Интеллигенция силой вещей оказалась на ЭТОМ берегу, т. е. на правительственном, кроме нескольких: 1) фанатиков, 2) тщеславцев, 3) бессознательных, 4) природно-ограниченных. В данный момент и все эти разновидности уже не владеют толпой, а она ими владеет. Да, Россией уже правит «митинг» со своей митинговой психологией, а вовсе не серое, честное, культурное и бессильное (a-революционное) Bp. пр-во. Пока, впрочем, не Россией, а лишь Петербургом правит; но Россия — неизвестность.

Контакта с вооруженным митингом у нас, интеллигентов правительственной стороны, очень мало и через отдельных интеллигентов-выходцев, ибо они очень охраняют «тот берег».

Есть еще средняя часть, безвластная абсолютно: распыленные эсеры, например. Они «туда» лишь вхожи. Большинство из них просто в ужасе, как Ив. Разумник и Мстиславский.

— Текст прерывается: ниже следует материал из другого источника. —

(* Let $V$ be a normal matrix ordered $*$-operator space, and for each $n$ let $d_{n,V}(A)=\inf\{\|A+P\|_{n,n}:P\in M_n(V)_+\}$ for $A\in M_n(V)_{sa}$. Then $(V,\{d_{n,V}\})$ is an $L^\infty$-matricially ordered space.
   Context: A $*$-vector space is a complex vector space with a conjugate-linear involution; $M_{n,m}(V)$ carries $(x_{ij})^*=(x_{ji}^* )$ and $M_n(V)_{sa}$ is its real subspace of self-adjoint elements. An operator space is a complex vector space with norms $\|\cdot\|_{n,m}$ on $M_{n,m}(V)$ satisfying $\|XAY\|\le\|X\|\|A\|\|Y\|$ for scalar matrices $X,Y$ and $\|A\oplus B\|=\max\{\|A\|,\|B\|\}$; a $*$-operator space additionally has $\|A^*\|_{m,n}=\|A\|_{n,m}$. It is matrix ordered if each $M_n(V)_+\subseteq M_n(V)_{sa}$ is a proper cone with $A\oplus B\in M_{n+k}(V)_+$ and $XBX^*\in M_l(V)_+$ whenever $A\in M_n(V)_+$, $B\in M_k(V)_+$, $X\in M_{l,k}$; it is normal if each $M_n(V)_+$ is norm closed and $A\le B\le C$ in $M_n(V)_{sa}$ implies $\|B\|\le\max\{\|A\|,\|C\|\}$. A gauge on a real vector space is a subadditive, positively homogeneous map into $[0,\infty)$; it is proper if $\nu(x)=\nu(-x)=0$ implies $x=0$. An $L^\infty$-matricially ordered space ($L^\infty$-MOS) is a $*$-vector space $V$ with proper gauges $\nu_n:M_n(V)_{sa}\to[0,\infty)$ such that (1) $\nu_k(X^*AX)\le\|X\|^2\nu_n(A)$ for $X\in M_{n,k}$, $A\in M_n(V)_{sa}$, and (2) $\nu_{n+k}(A\oplus B)=\max\{\nu_n(A),\nu_k(B)\}$ for $A\in M_n(V)_{sa}$, $B\in M_k(V)_{sa}$. *)

theory Defs
  imports Complex_Main "HOL-Library.Function_Algebras"
begin

text \<open>Matrices over V are modelled as functions nat => nat => 'v; an n x m matrix
is one vanishing outside the index box {0..<n} x {0..<m}. The complex vector space structure on V is given
explicitly by a scalar multiplication scal and the involution by star.\<close>

type_synonym 'v mat = "nat \<Rightarrow> nat \<Rightarrow> 'v"

definition mats :: "nat \<Rightarrow> nat \<Rightarrow> ('v::zero) mat set" where
  "mats n m = {A. \<forall>i j. (n \<le> i \<or> m \<le> j) \<longrightarrow> A i j = 0}"

definition star_vector_space ::
  "(complex \<Rightarrow> 'v::ab_group_add \<Rightarrow> 'v) \<Rightarrow> ('v \<Rightarrow> 'v) \<Rightarrow> bool" where
  "star_vector_space scal star \<longleftrightarrow>
     (\<forall>a x y. scal a (x + y) = scal a x + scal a y) \<and>
     (\<forall>a b x. scal (a + b) x = scal a x + scal b x) \<and>
     (\<forall>a b x. scal a (scal b x) = scal (a * b) x) \<and>
     (\<forall>x. scal 1 x = x) \<and>
     (\<forall>x y. star (x + y) = star x + star y) \<and>
     (\<forall>a x. star (scal a x) = scal (cnj a) (star x)) \<and>
     (\<forall>x. star (star x) = x)"

definition mscal :: "(complex \<Rightarrow> 'v \<Rightarrow> 'v) \<Rightarrow> complex \<Rightarrow> 'v mat \<Rightarrow> 'v mat" where
  "mscal scal c A = (\<lambda>i j. scal c (A i j))"

definition mstar :: "('v \<Rightarrow> 'v) \<Rightarrow> 'v mat \<Rightarrow> 'v mat" where
  "mstar star A = (\<lambda>i j. star (A j i))"

definition sa :: "('v::zero \<Rightarrow> 'v) \<Rightarrow> nat \<Rightarrow> 'v mat set" where
  "sa star n = {A \<in> mats n n. mstar star A = A}"

definition mprod :: "(complex \<Rightarrow> 'v::comm_monoid_add \<Rightarrow> 'v) \<Rightarrow> nat \<Rightarrow> nat \<Rightarrow>
    complex mat \<Rightarrow> 'v mat \<Rightarrow> complex mat \<Rightarrow> 'v mat" where
  "mprod scal n m X A Y = (\<lambda>i j. \<Sum>p<n. \<Sum>q<m. scal (X i p * Y q j) (A p q))"

definition ctrans :: "complex mat \<Rightarrow> complex mat" where
  "ctrans X = (\<lambda>i j. cnj (X j i))"

definition dsum :: "nat \<Rightarrow> nat \<Rightarrow> ('v::zero) mat \<Rightarrow> 'v mat \<Rightarrow> 'v mat" where
  "dsum n m A B = (\<lambda>i j. if i < n \<and> j < m then A i j
                         else if n \<le> i \<and> m \<le> j then B (i - n) (j - m) else 0)"

definition vnorm :: "nat \<Rightarrow> (nat \<Rightarrow> complex) \<Rightarrow> real" where
  "vnorm n v = sqrt (\<Sum>i<n. (cmod (v i))\<^sup>2)"

definition mulv :: "nat \<Rightarrow> complex mat \<Rightarrow> (nat \<Rightarrow> complex) \<Rightarrow> (nat \<Rightarrow> complex)" where
  "mulv m X v = (\<lambda>i. \<Sum>j<m. X i j * v j)"

definition cnorm :: "nat \<Rightarrow> nat \<Rightarrow> complex mat \<Rightarrow> real" where
  "cnorm n m X = (SUP v\<in>{v. vnorm m v \<le> 1}. vnorm n (mulv m X v))"

definition is_norm_on ::
  "(complex \<Rightarrow> 'v::ab_group_add \<Rightarrow> 'v) \<Rightarrow> nat \<Rightarrow> nat \<Rightarrow> ('v mat \<Rightarrow> real) \<Rightarrow> bool" where
  "is_norm_on scal n m N \<longleftrightarrow>
     (\<forall>A\<in>mats n m. 0 \<le> N A \<and> (N A = 0 \<longleftrightarrow> A = 0)) \<and>
     (\<forall>c. \<forall>A\<in>mats n m. N (mscal scal c A) = cmod c * N A) \<and>
     (\<forall>A\<in>mats n m. \<forall>B\<in>mats n m. N (A + B) \<le> N A + N B)"

definition star_operator_space ::
  "(complex \<Rightarrow> 'v::ab_group_add \<Rightarrow> 'v) \<Rightarrow> ('v \<Rightarrow> 'v) \<Rightarrow>
   (nat \<Rightarrow> nat \<Rightarrow> 'v mat \<Rightarrow> real) \<Rightarrow> bool" where
  "star_operator_space scal star nrm \<longleftrightarrow>
     star_vector_space scal star \<and>
     (\<forall>n m. 0 < n \<and> 0 < m \<longrightarrow> is_norm_on scal n m (nrm n m)) \<and>
     (\<forall>l n m k X A Y. 0 < l \<and> 0 < n \<and> 0 < m \<and> 0 < k \<and>
        X \<in> mats l n \<and> A \<in> mats n m \<and> Y \<in> mats m k \<longrightarrow>
        nrm l k (mprod scal n m X A Y) \<le> cnorm l n X * nrm n m A * cnorm m k Y) \<and>
     (\<forall>n m k l A B. 0 < n \<and> 0 < m \<and> 0 < k \<and> 0 < l \<and>
        A \<in> mats n m \<and> B \<in> mats k l \<longrightarrow>
        nrm (n + k) (m + l) (dsum n m A B) = max (nrm n m A) (nrm k l B)) \<and>
     (\<forall>n m A. 0 < n \<and> 0 < m \<and> A \<in> mats n m \<longrightarrow>
        nrm m n (mstar star A) = nrm n m A)"

definition proper_cone :: "(complex \<Rightarrow> 'v::ab_group_add \<Rightarrow> 'v) \<Rightarrow> 'v mat set \<Rightarrow> bool" where
  "proper_cone scal C \<longleftrightarrow>
     0 \<in> C \<and> (\<forall>A\<in>C. \<forall>B\<in>C. A + B \<in> C) \<and>
     (\<forall>t::real. \<forall>A\<in>C. 0 \<le> t \<longrightarrow> mscal scal (complex_of_real t) A \<in> C) \<and>
     (\<forall>A. A \<in> C \<and> - A \<in> C \<longrightarrow> A = 0)"

definition matrix_ordered ::
  "(complex \<Rightarrow> 'v::ab_group_add \<Rightarrow> 'v) \<Rightarrow> ('v \<Rightarrow> 'v) \<Rightarrow> (nat \<Rightarrow> 'v mat set) \<Rightarrow> bool" where
  "matrix_ordered scal star pos \<longleftrightarrow>
     (\<forall>n. 0 < n \<longrightarrow> pos n \<subseteq> sa star n \<and> proper_cone scal (pos n)) \<and>
     (\<forall>n k A B. 0 < n \<and> 0 < k \<and> A \<in> pos n \<and> B \<in> pos k \<longrightarrow>
        dsum n n A B \<in> pos (n + k)) \<and>
     (\<forall>l k X B. 0 < l \<and> 0 < k \<and> X \<in> mats l k \<and> B \<in> pos k \<longrightarrow>
        mprod scal k k X B (ctrans X) \<in> pos l)"

definition normal_mo_star_opsp ::
  "(complex \<Rightarrow> 'v::ab_group_add \<Rightarrow> 'v) \<Rightarrow> ('v \<Rightarrow> 'v) \<Rightarrow>
   (nat \<Rightarrow> nat \<Rightarrow> 'v mat \<Rightarrow> real) \<Rightarrow> (nat \<Rightarrow> 'v mat set) \<Rightarrow> bool" where
  "normal_mo_star_opsp scal star nrm pos \<longleftrightarrow>
     star_operator_space scal star nrm \<and> matrix_ordered scal star pos \<and>
     (\<forall>n. 0 < n \<longrightarrow> (\<forall>S A. (\<forall>j. S j \<in> pos n) \<and> A \<in> mats n n \<and>
          (\<lambda>j. nrm n n (S j - A)) \<longlonglongrightarrow> 0 \<longrightarrow> A \<in> pos n)) \<and>
     (\<forall>n A B C. 0 < n \<and> A \<in> sa star n \<and> B \<in> sa star n \<and> C \<in> sa star n \<and>
        B - A \<in> pos n \<and> C - B \<in> pos n \<longrightarrow>
        nrm n n B \<le> max (nrm n n A) (nrm n n C))"

definition d_V :: "(nat \<Rightarrow> nat \<Rightarrow> 'v::plus mat \<Rightarrow> real) \<Rightarrow> (nat \<Rightarrow> 'v mat set) \<Rightarrow>
    nat \<Rightarrow> 'v mat \<Rightarrow> real" where
  "d_V nrm pos n A = (INF P\<in>pos n. nrm n n (A + P))"

definition proper_gauge ::
  "(complex \<Rightarrow> 'v::ab_group_add \<Rightarrow> 'v) \<Rightarrow> 'v mat set \<Rightarrow> ('v mat \<Rightarrow> real) \<Rightarrow> bool" where
  "proper_gauge scal S g \<longleftrightarrow>
     (\<forall>x\<in>S. 0 \<le> g x) \<and>
     (\<forall>x\<in>S. \<forall>y\<in>S. g (x + y) \<le> g x + g y) \<and>
     (\<forall>t::real. \<forall>x\<in>S. 0 < t \<longrightarrow> g (mscal scal (complex_of_real t) x) = t * g x) \<and>
     (\<forall>x\<in>S. g x = 0 \<and> g (- x) = 0 \<longrightarrow> x = 0)"

definition Linf_MOS ::
  "(complex \<Rightarrow> 'v::ab_group_add \<Rightarrow> 'v) \<Rightarrow> ('v \<Rightarrow> 'v) \<Rightarrow> (nat \<Rightarrow> 'v mat \<Rightarrow> real) \<Rightarrow> bool" where
  "Linf_MOS scal star \<nu> \<longleftrightarrow>
     star_vector_space scal star \<and>
     (\<forall>n. 0 < n \<longrightarrow> proper_gauge scal (sa star n) (\<nu> n)) \<and>
     (\<forall>n k X A. 0 < n \<and> 0 < k \<and> X \<in> mats n k \<and> A \<in> sa star n \<longrightarrow>
        \<nu> k (mprod scal n n (ctrans X) A X) \<le> (cnorm n k X)\<^sup>2 * \<nu> n A) \<and>
     (\<forall>n k A B. 0 < n \<and> 0 < k \<and> A \<in> sa star n \<and> B \<in> sa star k \<longrightarrow>
        \<nu> (n + k) (dsum n n A B) = max (\<nu> n A) (\<nu> k B))"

Керенский — сейчас единственный ни на одном из «двух берегов», а там, где быть надлежит: с русской революцией. Единственный. Один. Но это страшно, что один. Он гениальный интуит, однако не «всеобъемлющая» личность: одному же вообще никому сейчас быть нельзя. А что на верной точке сейчас только один — прямо страшно.

Или будут многие и все больше, — или и Керенский сковырнется.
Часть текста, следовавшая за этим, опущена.